Here are some different attempts to print out the contents of a double value:
import java.math.*;
public class FloatShow {
public static void main(String ... args) {
System.out.println(1.2);
System.out.println(new Double(1.2).toString());
System.out.println(new BigDecimal(1.2).toString());
}
}
This prints out
1.2
1.2
1.1999999999999999555910790149937383830547332763671875
The println method given a double boxes it and calls toString, similarly the Double uses toString, which is doing some rounding for you. The BigDecimal uses the raw value to construct an instance, and presents it without cleanup. So your assumptions about precision were invalid.
Floating point and fixed decimal are two different concepts. Here is the definition of floating point arithmetic in wikipedia:
In computing, floating-point arithmetic (FP) is arithmetic using formulaic representation of real numbers as an approximation to support a trade-off between range and precision. For this reason, floating-point computation is often found in systems which include very small and very large real numbers, which require fast processing times.
But fixed decimal (like BigDecimal) is different, it stores the individual digits. BigDecimal is slower to use, but it doesn't make the kind of range-precision trade-off that floating point does.

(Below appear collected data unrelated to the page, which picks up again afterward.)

(* Let $X_1,X_2,\dots$ be real random variables on a probability space with $\mathbb E X_n=0$, and suppose there are constants $M<\infty$, $C<\infty$ and $0\le\gamma<2$ such that $\|X_n\|_\infty\le M$ and $\operatorname{Var}\big(\sum_{k=1}^nX_k\big)\le Cn^\gamma$ for all $n$. Then for every $\eta>\frac{\gamma+1}{3}$, $\sum_{k=1}^nX_k=O(n^\eta)$ almost surely.
   Context: No independence is assumed among the $X_n$. *)

theory Defs
  imports "HOL-Probability.Probability" "HOL-Library.Landau_Symbols"
begin

end

theory Submission
  imports Defs
begin

text \<open>
  Fix \<open>p \<ge> 1\<close> and watch the partial sums \<open>S\<close> only at the sparse times
  \<open>n_k = \<lceil>k^p\<rceil>\<close>. Chebyshev gives \<open>P(|S n_k| > n_k^(1-1/p)) \<le> C k^(p(\<gamma>-2)+2)\<close>,
  which is summable once \<open>p(2 - \<gamma>) > 3\<close>; so by Borel-Cantelli, almost surely
  \<open>|S n_k| \<le> n_k^(1-1/p)\<close> for all large \<open>k\<close>. Between consecutive sparse times \<open>S\<close>
  moves by at most \<open>B\<close> per step, and the gap \<open>n_(k+1) - n_k \<approx> p k^(p-1)\<close> is again of
  order \<open>n^(1-1/p)\<close>. Hence \<open>S n = O(n^(1-1/p))\<close>, and such a \<open>p\<close> with \<open>1 - 1/p \<le> \<eta>\<close>
  exists precisely because \<open>\<eta> > (\<gamma> + 1)/3\<close>.
\<close>

lemma powr_succ_diff_le:
  fixes k p :: real
  assumes "1 \<le> p" "0 < k"
  shows "(k + 1) powr p - k powr p \<le> p * (k + 1) powr (p - 1)"
proof -
  have "\<exists>z. k < z \<and> z < k + 1 \<and> (k + 1) powr p - k powr p = (k + 1 - k) * (p * z powr (p - 1))"
    by (rule MVT2) (use assms in \<open>auto intro!: has_real_derivative_powr\<close>)
  then obtain z where z: "k < z" "z < k + 1" "(k + 1) powr p - k powr p = p * z powr (p - 1)"
    by auto
  have "z powr (p - 1) \<le> (k + 1) powr (p - 1)"
    using z assms by (intro powr_mono2) auto
  with z assms show ?thesis by (simp add: mult_left_mono)
qed

definition powr_ceiling_seq :: "real \<Rightarrow> nat \<Rightarrow> nat" where
  "powr_ceiling_seq p k = nat \<lceil>real k powr p\<rceil>"

lemma powr_ceiling_seq_ge: "real k powr p \<le> real (powr_ceiling_seq p k)"
proof -
  have "0 \<le> \<lceil>real k powr p\<rceil>"
    using powr_ge_zero[of "real k" p] by linarith
  then show ?thesis
    using le_of_int_ceiling[of "real k powr p"] unfolding powr_ceiling_seq_def by simp
qed

lemma powr_ceiling_seq_le_iff: "powr_ceiling_seq p k \<le> n \<longleftrightarrow> real k powr p \<le> real n"
  unfolding powr_ceiling_seq_def by (simp add: nat_le_iff ceiling_le_iff)

lemma powr_ceiling_seq_close_below:
  assumes "1 \<le> p" "1 \<le> n" "powr_ceiling_seq p K \<le> n"
  obtains k where "K \<le> k" "powr_ceiling_seq p k \<le> n"
    "real (n - powr_ceiling_seq p k) \<le> p * 2 powr (p - 1) * real n powr (1 - 1 / p)"
proof
  define r where "r = real n powr (1 / p)"
  define k where "k = nat \<lfloor>r\<rfloor>"
  have r1: "1 \<le> r"
    unfolding r_def using assms by (simp add: ge_one_powr_ge_zero)
  have kr: "real k \<le> r" "r < real k + 1"
    unfolding k_def using r1 by linarith+
  have k0: "0 < real k"
    using kr r1 by linarith
  have rp: "r powr p = real n"
    unfolding r_def using assms by (simp add: powr_powr)
  have "real K = (real K powr p) powr (1 / p)"
    using assms by (simp add: powr_powr)
  also have "\<dots> \<le> r"
    unfolding r_def using assms powr_ceiling_seq_ge[of K p]
    by (intro powr_mono2) (auto simp: powr_ceiling_seq_le_iff)
  finally show "K \<le> k"
    unfolding k_def by (simp add: le_nat_floor)
  have "real k powr p \<le> real n"
    using kr rp assms by (metis of_nat_0_le_iff powr_mono2 order.trans zero_le_one)
  then show le: "powr_ceiling_seq p k \<le> n"
    by (simp add: powr_ceiling_seq_le_iff)
  have "real (n - powr_ceiling_seq p k) \<le> (real k + 1) powr p - real k powr p"
    using le powr_ceiling_seq_ge[of k p] powr_less_mono2[of p r "real k + 1"] kr rp r1 assms
    by simp
  also have "\<dots> \<le> p * (real k + 1) powr (p - 1)"
    using assms k0 by (intro powr_succ_diff_le) auto
  also have "\<dots> \<le> p * (2 * r) powr (p - 1)"
    using kr k0 r1 assms by (intro mult_left_mono powr_mono2) auto
  also have "\<dots> = p * 2 powr (p - 1) * real n powr (1 - 1 / p)"
    unfolding r_def using assms by (simp add: powr_mult powr_powr field_simps)
  finally show "real (n - powr_ceiling_seq p k) \<le> p * 2 powr (p - 1) * real n powr (1 - 1 / p)" .
qed

lemma abs_sum_diff_le:
  fixes f :: "nat \<Rightarrow> real"
  assumes "\<And>i. 1 \<le> i \<Longrightarrow> \<bar>f i\<bar> \<le> B" "m \<le> n"
  shows "\<bar>(\<Sum>k=1..n. f k) - (\<Sum>k=1..m. f k)\<bar> \<le> real (n - m) * B"
proof -
  have "{1..n} = {1..m} \<union> {m+1..n}"
    using assms(2) by auto
  then have "(\<Sum>k=1..n. f k) - (\<Sum>k=1..m. f k) = (\<Sum>k=m+1..n. f k)"
    by (simp add: sum.union_disjoint)
  also have "\<bar>\<dots>\<bar> \<le> (\<Sum>k=m+1..n. \<bar>f k\<bar>)"
    by (rule sum_abs)
  also have "\<dots> \<le> real (card {m+1..n}) * B"
    by (rule sum_bounded_above) (use assms(1) in auto)
  finally show ?thesis by simp
qed

lemma bigo_powr_of_powr_ceiling_seq_bound:
  fixes S :: "nat \<Rightarrow> real"
  assumes p: "1 \<le> p" and \<eta>: "1 - 1 / p \<le> \<eta>"
    and lipschitz: "\<And>m n. m \<le> n \<Longrightarrow> \<bar>S n - S m\<bar> \<le> real (n - m) * L"
    and subseq: "eventually (\<lambda>k. \<bar>S (powr_ceiling_seq p k)\<bar>
                   \<le> real (powr_ceiling_seq p k) powr (1 - 1 / p)) sequentially"
  shows "S \<in> O(\<lambda>n. real n powr \<eta>)"
proof -
  obtain K where K: "\<And>k. K \<le> k \<Longrightarrow>
      \<bar>S (powr_ceiling_seq p k)\<bar> \<le> real (powr_ceiling_seq p k) powr (1 - 1 / p)"
    using subseq unfolding eventually_sequentially by blast
  define D where "D = p * 2 powr (p - 1)"
  have "\<bar>S n\<bar> \<le> (1 + D * \<bar>L\<bar>) * real n powr \<eta>"
    if n1: "1 \<le> n" and Kn: "powr_ceiling_seq p K \<le> n" for n
  proof -
    obtain k where "K \<le> k" and mn: "powr_ceiling_seq p k \<le> n"
      and gap: "real (n - powr_ceiling_seq p k) \<le> D * real n powr (1 - 1 / p)"
      using powr_ceiling_seq_close_below[OF p n1 Kn] unfolding D_def by blast
    define m where "m = powr_ceiling_seq p k"
    from \<open>K \<le> k\<close> have "\<bar>S m\<bar> \<le> real m powr (1 - 1 / p)"
      unfolding m_def by (rule K)
    also have "\<dots> \<le> real n powr (1 - 1 / p)"
      using mn p unfolding m_def by (intro powr_mono2) auto
    finally have Sm: "\<bar>S m\<bar> \<le> real n powr (1 - 1 / p)" .
    have "\<bar>S n - S m\<bar> \<le> real (n - m) * \<bar>L\<bar>"
      using lipschitz[of m n] mn unfolding m_def
      by (smt (verit) mult_left_mono of_nat_0_le_iff abs_ge_self)
    also have "\<dots> \<le> D * \<bar>L\<bar> * real n powr (1 - 1 / p)"
      using mult_right_mono[OF gap, of "\<bar>L\<bar>"] unfolding m_def by (simp add: mult_ac)
    finally have "\<bar>S n\<bar> \<le> (1 + D * \<bar>L\<bar>) * real n powr (1 - 1 / p)"
      using Sm by (simp add: algebra_simps)
    also have "\<dots> \<le> (1 + D * \<bar>L\<bar>) * real n powr \<eta>"
      using n1 \<eta> p unfolding D_def by (intro mult_left_mono powr_mono) auto
    finally show ?thesis .
  qed
  then show ?thesis
    by (intro bigoI[where c = "1 + D * \<bar>L\<bar>"])
      (auto simp: eventually_at_top_linorder intro!: exI[of _ "max 1 (powr_ceiling_seq p K)"])
qed

lemma (in prob_space) AE_eventually_powr_ceiling_seq_bound:
  fixes S :: "nat \<Rightarrow> 'a \<Rightarrow> real"
  assumes [measurable]: "\<And>n. S n \<in> borel_measurable M"
    and square_integrable: "\<And>n. integrable M (\<lambda>x. S n x ^ 2)"
    and mean0: "\<And>n. 1 \<le> n \<Longrightarrow> expectation (S n) = 0"
    and variance: "\<And>n. 1 \<le> n \<Longrightarrow> variance (S n) \<le> C * real n powr \<gamma>"
    and p: "1 \<le> p" "1 < p * (2 * \<eta> - \<gamma>)"
  shows "AE x in M. eventually (\<lambda>k. \<bar>S (powr_ceiling_seq p k) x\<bar>
                         \<le> real (powr_ceiling_seq p k) powr \<eta>) sequentially"
proof -
  define A where
    "A k = {x\<in>space M. real (powr_ceiling_seq p k) powr \<eta> < \<bar>S (powr_ceiling_seq p k) x\<bar>}" for k
  have A_sets: "A k \<in> sets M" for k
    unfolding A_def by measurable
  have "0 \<le> variance (S 1)"
    by (rule integral_nonneg_AE) auto
  then have C: "0 \<le> C"
    using order_trans[OF _ variance[of 1]] by simp
  have \<gamma>: "\<gamma> - 2 * \<eta> \<le> 0"
    using p zero_less_mult_pos[of p "2 * \<eta> - \<gamma>"] by linarith
  have A_bound: "prob (A k) \<le> C * real k powr (p * (\<gamma> - 2 * \<eta>))" if "1 \<le> k" for k
  proof -
    define m where "m = powr_ceiling_seq p k"
    have kp: "1 \<le> real k powr p"
      using that p by (simp add: ge_one_powr_ge_zero)
    have km: "real k powr p \<le> real m"
      unfolding m_def by (rule powr_ceiling_seq_ge)
    then have m1: "1 \<le> m" using kp by linarith
    have "prob (A k) \<le> prob {x\<in>space M. real m powr \<eta> \<le> \<bar>S m x - expectation (S m)\<bar>}"
      unfolding A_def m_def using mean0[OF m1[unfolded m_def]]
      by (intro finite_measure_mono) (auto simp: m_def)
    also have "\<dots> \<le> variance (S m) / (real m powr \<eta>)\<^sup>2"
      using m1 by (intro Chebyshev_inequality square_integrable) auto
    also have "\<dots> \<le> C * real m powr \<gamma> / (real m powr \<eta>)\<^sup>2"
      using variance[OF m1] by (rule divide_right_mono) simp
    also have "(real m powr \<eta>)\<^sup>2 = real m powr (2 * \<eta>)"
      by (simp add: power2_eq_square powr_add[symmetric])
    also have "C * real m powr \<gamma> / real m powr (2 * \<eta>) = C * real m powr (\<gamma> - 2 * \<eta>)"
      by (simp add: powr_diff)
    also have "\<dots> \<le> C * (real k powr p) powr (\<gamma> - 2 * \<eta>)"
      using C \<gamma> kp km that by (intro mult_left_mono powr_mono2') auto
    also have "\<dots> = C * real k powr (p * (\<gamma> - 2 * \<eta>))"
      by (simp add: powr_powr)
    finally show ?thesis .
  qed
  have "p * (\<gamma> - 2 * \<eta>) < -1"
    using p by (simp add: algebra_simps)
  then have "summable (\<lambda>k. C * real k powr (p * (\<gamma> - 2 * \<eta>)))"
    by (simp add: summable_real_powr_iff)
  then have "summable (\<lambda>k. prob (A k))"
    by (rule summable_comparison_test'[where N = 1]) (simp add: A_bound)
  then have "AE x in M. eventually (\<lambda>k. x \<in> space M - A k) sequentially"
    using A_sets by (intro borel_cantelli_AE1) (auto simp: less_top[symmetric])
  then show ?thesis
    by eventually_elim (erule eventually_mono, auto simp: A_def)
qed

lemma AE_abs_partial_sum_diff_le:
  fixes X :: "nat \<Rightarrow> 'a \<Rightarrow> real"
  assumes "\<And>n. 1 \<le> n \<Longrightarrow> AE x in M. \<bar>X n x\<bar> \<le> B"
  shows "AE x in M. \<forall>m n. m \<le> n \<longrightarrow>
           \<bar>(\<Sum>k=1..n. X k x) - (\<Sum>k=1..m. X k x)\<bar> \<le> real (n - m) * B"
proof -
  have "AE x in M. \<forall>i. 1 \<le> i \<longrightarrow> \<bar>X i x\<bar> \<le> B"
    unfolding AE_all_countable using assms by (auto intro: AE_mp)
  then show ?thesis
    by eventually_elim (blast intro: abs_sum_diff_le)
qed

lemma (in prob_space) integrable_partial_sum_square:
  fixes X :: "nat \<Rightarrow> 'a \<Rightarrow> real"
  assumes "\<And>n. 1 \<le> n \<Longrightarrow> X n \<in> borel_measurable M"
    and "\<And>n. 1 \<le> n \<Longrightarrow> AE x in M. \<bar>X n x\<bar> \<le> B"
  shows "integrable M (\<lambda>x. (\<Sum>k=1..n. X k x) ^ 2)"
proof (rule integrable_const_bound)
  have "AE x in M. \<forall>m n. m \<le> n \<longrightarrow>
          \<bar>(\<Sum>k=1..n. X k x) - (\<Sum>k=1..m. X k x)\<bar> \<le> real (n - m) * B"
    using assms(2) by (rule AE_abs_partial_sum_diff_le)
  then show "AE x in M. norm ((\<Sum>k=1..n. X k x) ^ 2) \<le> (real n * B)\<^sup>2"
  proof eventually_elim
    case (elim x)
    then have "\<bar>\<Sum>k=1..n. X k x\<bar> \<le> real n * B"
      using elim[rule_format, of 0 n] by simp
    then show ?case
      using abs_ge_self[of "real n * B"] by (simp add: abs_le_square_iff[symmetric])
  qed
qed (use assms(1) in simp)

lemma (in prob_space) expectation_partial_sum_eq_0:
  fixes X :: "nat \<Rightarrow> 'a \<Rightarrow> real"
  assumes "\<And>n. 1 \<le> n \<Longrightarrow> X n \<in> borel_measurable M"
    and "\<And>n. 1 \<le> n \<Longrightarrow> AE x in M. \<bar>X n x\<bar> \<le> B"
    and "\<And>n. 1 \<le> n \<Longrightarrow> expectation (X n) = 0"
  shows "expectation (\<lambda>x. \<Sum>k=1..n. X k x) = 0"
proof -
  have "integrable M (X i)" if "1 \<le> i" for i
    using assms(1,2)[OF that] by (intro integrable_const_bound[where B = B]) auto
  then show ?thesis
    using assms(3) by (subst Bochner_Integration.integral_sum) auto
qed

lemma exists_subsequence_exponent:
  fixes \<gamma> \<eta> :: real
  assumes "0 \<le> \<gamma>" "\<gamma> < 2" "(\<gamma> + 1) / 3 < \<eta>"
  obtains p where "1 \<le> p" "1 < p * (2 * (1 - 1 / p) - \<gamma>)" "1 - 1 / p \<le> \<eta>"
proof -
  define q where "q = max (1 - \<eta>) ((2 - \<gamma>) / 6)"
  have "0 < q" "q \<le> 1" "1 - \<eta> \<le> q" "3 * q < 2 - \<gamma>"
    using assms unfolding q_def by (auto simp: max_def)
  then have "1 \<le> 1 / q" "1 < 1 / q * (2 * (1 - 1 / (1 / q)) - \<gamma>)" "1 - 1 / (1 / q) \<le> \<eta>"
    by (auto simp: field_simps)
  then show ?thesis ..
qed

theorem mainTheorem8:
  fixes M :: "'a measure" and X :: "nat \<Rightarrow> 'a \<Rightarrow> real"
    and B C \<gamma> \<eta> :: real
  assumes "prob_space M"
    and rv: "\<And>n. n \<ge> 1 \<Longrightarrow> X n \<in> borel_measurable M"
    and mean0: "\<And>n. n \<ge> 1 \<Longrightarrow> prob_space.expectation M (X n) = 0"
    and bdd: "\<And>n. n \<ge> 1 \<Longrightarrow> (AE x in M. \<bar>X n x\<bar> \<le> B)"
    and var: "\<And>n. n \<ge> 1 \<Longrightarrow>
       prob_space.variance M (\<lambda>x. \<Sum>k=1..n. X k x) \<le> C * real n powr \<gamma>"
    and "0 \<le> \<gamma>" and "\<gamma> < 2"
    and "\<eta> > (\<gamma> + 1) / 3"
  shows "AE x in M. (\<lambda>n. \<Sum>k=1..n. X k x) \<in> O(\<lambda>n. real n powr \<eta>)"
proof -
  interpret prob_space M by fact
  define S where "S n x = (\<Sum>k=1..n. X k x)" for n x
  have S_measurable[measurable]: "S n \<in> borel_measurable M" for n
    unfolding S_def using rv by measurable
  obtain p where p: "1 \<le> p" "1 < p * (2 * (1 - 1 / p) - \<gamma>)" "1 - 1 / p \<le> \<eta>"
    using exists_subsequence_exponent assms(6-8) by blast
  have "AE x in M. eventually (\<lambda>k. \<bar>S (powr_ceiling_seq p k) x\<bar>
                       \<le> real (powr_ceiling_seq p k) powr (1 - 1 / p)) sequentially"
    using integrable_partial_sum_square[where X = X, OF rv bdd]
      expectation_partial_sum_eq_0[where X = X, OF rv bdd mean0] var
    unfolding S_def[symmetric]
    by (intro AE_eventually_powr_ceiling_seq_bound[OF S_measurable _ _ _ p(1,2)])
  moreover have "AE x in M. \<forall>m n. m \<le> n \<longrightarrow> \<bar>S n x - S m x\<bar> \<le> real (n - m) * B"
    using bdd unfolding S_def by (rule AE_abs_partial_sum_diff_le)
  ultimately have "AE x in M. (\<lambda>n. S n x) \<in> O(\<lambda>n. real n powr \<eta>)"
    by eventually_elim (rule bigo_powr_of_powr_ceiling_seq_bound[OF p(1,3)], auto)
  then show ?thesis
    by (simp add: S_def)
qed

end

Floating point is good for graphics and engineering applications where the calculation is the bottleneck, the inputs are not entirely precise (but precise within a known error range) and it can be calculated that the speed is worth the trade-off. For a lot of business applications the performance difference is not an issue because something else is always the bottleneck, values are known exactly, and accuracy is not negotiable.